Tuesday, November 29, 2011

Because You Asked For It

First a note: I'm shutting down my Facebook, so if you use my posts on there to find my blog, you obviously won't be seeing them anymore. You can sign up to get emails when I post, if you want to keep following me, in the box to the right on your screen. Otherwise, let me know and I'll be sure to let you know when I put up new poems/posts. You can email me at emilyymariee@gmail.com if you want to be on that list of emails.

Now for the real stuff...

Listen to The Shins cover The Postal Service's "We Will Become Silhouettes" and hear these words...


How do I know I'm a "writer," and not a writer? I just watched The Simpsons episode "The Book Job" featuring Neil Gaiman and spoofing the Ocean's trilogy, and realized that as Lisa was trying to write the next great teen series, she looked like me.

I've got a cupboard with cans of food, filtered water, and pictures of you.
And I'm not coming out until this is all over.

She reorganizes her CD collection. I create a new Pandora station. She goes to a coffee shop, as do I. She watches the entire series of Friday Night Lights, and I'm watching her.
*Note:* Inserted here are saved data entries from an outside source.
(* Let $I=[-1,1]$ be a parametrised interval object in a category $\mathcal{C}$ with finite products, with negation $-\colon I\to I$ (the unique midpoint endomorphism with $-(1)=-1$, $-(-1)=1$) and $0=-1\oplus 1$. Then there is a unique map $(x,y)\mapsto x\cdot y\colon I\times I\to I$ such that $x\cdot(-1)=-x$, $x\cdot 1=x$ and $x\cdot(y\oplus z)=(x\cdot y)\oplus(x\cdot z)$. Moreover, this map satisfies $x\cdot 0=0$, $x\cdot y=y\cdot x$ and $(x\cdot y)\cdot z=x\cdot(y\cdot z)$.
   Context: Equations are between generalised elements. A midpoint object is $(A,m)$ with $m\colon A\times A\to A$ satisfying $m(x,x)=x$, $m(x,y)=m(y,x)$, $m(m(x,y),m(z,w))=m(m(x,z),m(y,w))$; cancellative if $m(x,y)=m(x,z)$ implies $y=z$; iterative if for every $c\colon X\to A\times X$ there is a unique $u\colon X\to A$ with $m\circ(\mathrm{id}\times u)\circ c=u$. An m-convex body is a cancellative iterative midpoint object. A parametrised interval object is an m-convex body $(I,\oplus)$ with global points $a,b$ (here $-1,1$) such that for every object $P$, every m-convex body $(A,m)$ and maps $x_a,x_b\colon P\to A$ there is a unique map $h\colon P\times I\to A$ with $h(p,a)=x_a(p)$, $h(p,b)=x_b(p)$ and $h(p,x\oplus y)=m(h(p,x),h(p,y))$. *)

theory Defs
  imports Main
begin

text \<open>Objects are the elements of type 'o; arrows are the elements of type 'm satisfying carr.
 ccomp g f is the composite g after f.\<close>

record ('o,'m) cat_fp =
  cdom  :: "'m \<Rightarrow> 'o"
  ccod  :: "'m \<Rightarrow> 'o"
  carr  :: "'m \<Rightarrow> bool"
  ccomp :: "'m \<Rightarrow> 'm \<Rightarrow> 'm"
  cid   :: "'o \<Rightarrow> 'm"
  cterm :: "'o"
  cbang :: "'o \<Rightarrow> 'm"
  cprod :: "'o \<Rightarrow> 'o \<Rightarrow> 'o"
  cfst  :: "'o \<Rightarrow> 'o \<Rightarrow> 'm"
  csnd  :: "'o \<Rightarrow> 'o \<Rightarrow> 'm"
  cpair :: "'m \<Rightarrow> 'm \<Rightarrow> 'm"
We get mad at sellouts, we play with pencils, we kill time, we write next to nothing.

I know, it's stupid that I'm using Lisa Simpson as a metaphor for my life. I get it. And really, I don't even watch The Simpsons. I was just procrastinating... the life of a "writer." (But give me a little slack: Neil Gaiman was in it, so how could I not watch, right?)

So I'm taking my headphones and a notebook out, and I'm going to start writing a story that's not quite fiction, and I don't know where it will go yet. But I've been asked for it, by my stepfather, and an ex, and some boy in some city some where, and by the smiley-est girl in all of Colorado, and by my own need for recognition, and by that feeling in my heart when I believe in greatness because the right song is on and I close my eyes and my hair is curled and I feel light and like flying.

Because you asked for it, I will create, and I will not abandon my own pages this time.

I don't know what it's about yet, but I know I'll know when it's finished. So now just for the start.

You're right, I'm not giving you much here. But I'll tell you this: today's the day I start the next big thing. It's a story of a girl who's almost me, but not me enough to be somebody else so I can make up all the wonderful and awful things that happen to her.

She loves going to the movies alone because she hopes to see some grumpy boy on a date, looking miserable, so she can nickname him Holden. And she's unstable as Esther Greenwood, but she'd never try to kill herself. And she's just realized that she has faith in herself, really, for the first time, and has moments of infinite feeling, like Charlie the wallflower. She's sweet as Scout, and gentle as her "Hey, Boo." She's as adventurous as Sal Paradise, and thinks about the sadness and wonderfulness of life like him too. She's reaching into something bigger than herself and trying, like Nick Carraway, to look like she belongs.

She's a philosopher, a heartbreaker, a beauty, a poet, a lover. She has been let down, and she is ready to surpass her highest highs. She is, quite simply, a real girl.

She isn't me. But I'll tell her story. I'll write her name.

And today's the day I begin.

Thursday, November 3, 2011

Had You Followed Me Home

An old poem: for October and November, for quirks, for happy times and timely goodbyes.


Had You Followed Me Home
For all the things that never happened with you,
and all the things that shouldn't have happened to anyone else.

If you had followed me here, we’d be in the breaking leaves
behind my parents’ house—the dying earrings of the cottonwood
litter the grass, the chopped onions from a mower blade in a lawn salad.
Your warm Pacific blood would move slowly and
you’d beg my worn Midwestern hands to assure you—
You’d stand, swirled by yard dusts and flakes,
and I’d touch your knee and smile with my father’s laughter
when we’d meet him for pizza on an October Thursday in Chicago.
We’d see my high school friends and sing our way to the all-night diner
that’s been made-over (purple ceilings and yellow walls) by the
Greeks who’ve owned it for the last five-hundred years or so.
Holding the menu half open, you’d order—no, ask for—chocolate cake and
my friends would taunt and tease you, actions typically reserved for me.
I’d swipe a taste of the frosting and bury myself in the corner of the booth,
green glows for irises at the impossibility of you on the vinyl with me.
Had you followed me home, you’d have seen Chicago play a symphony of who I am:
the Metra hum beats percussion with State Street brass and theater light strings
and my hometown, my mother’s house—its mellow reeds play woodwind tones.
In grass under cotton shade, we—with closed eyes—would float on
the rising of the suburban orchestra and then, with the birth of these thoughts,
you’d tune the masterpiece and call it love.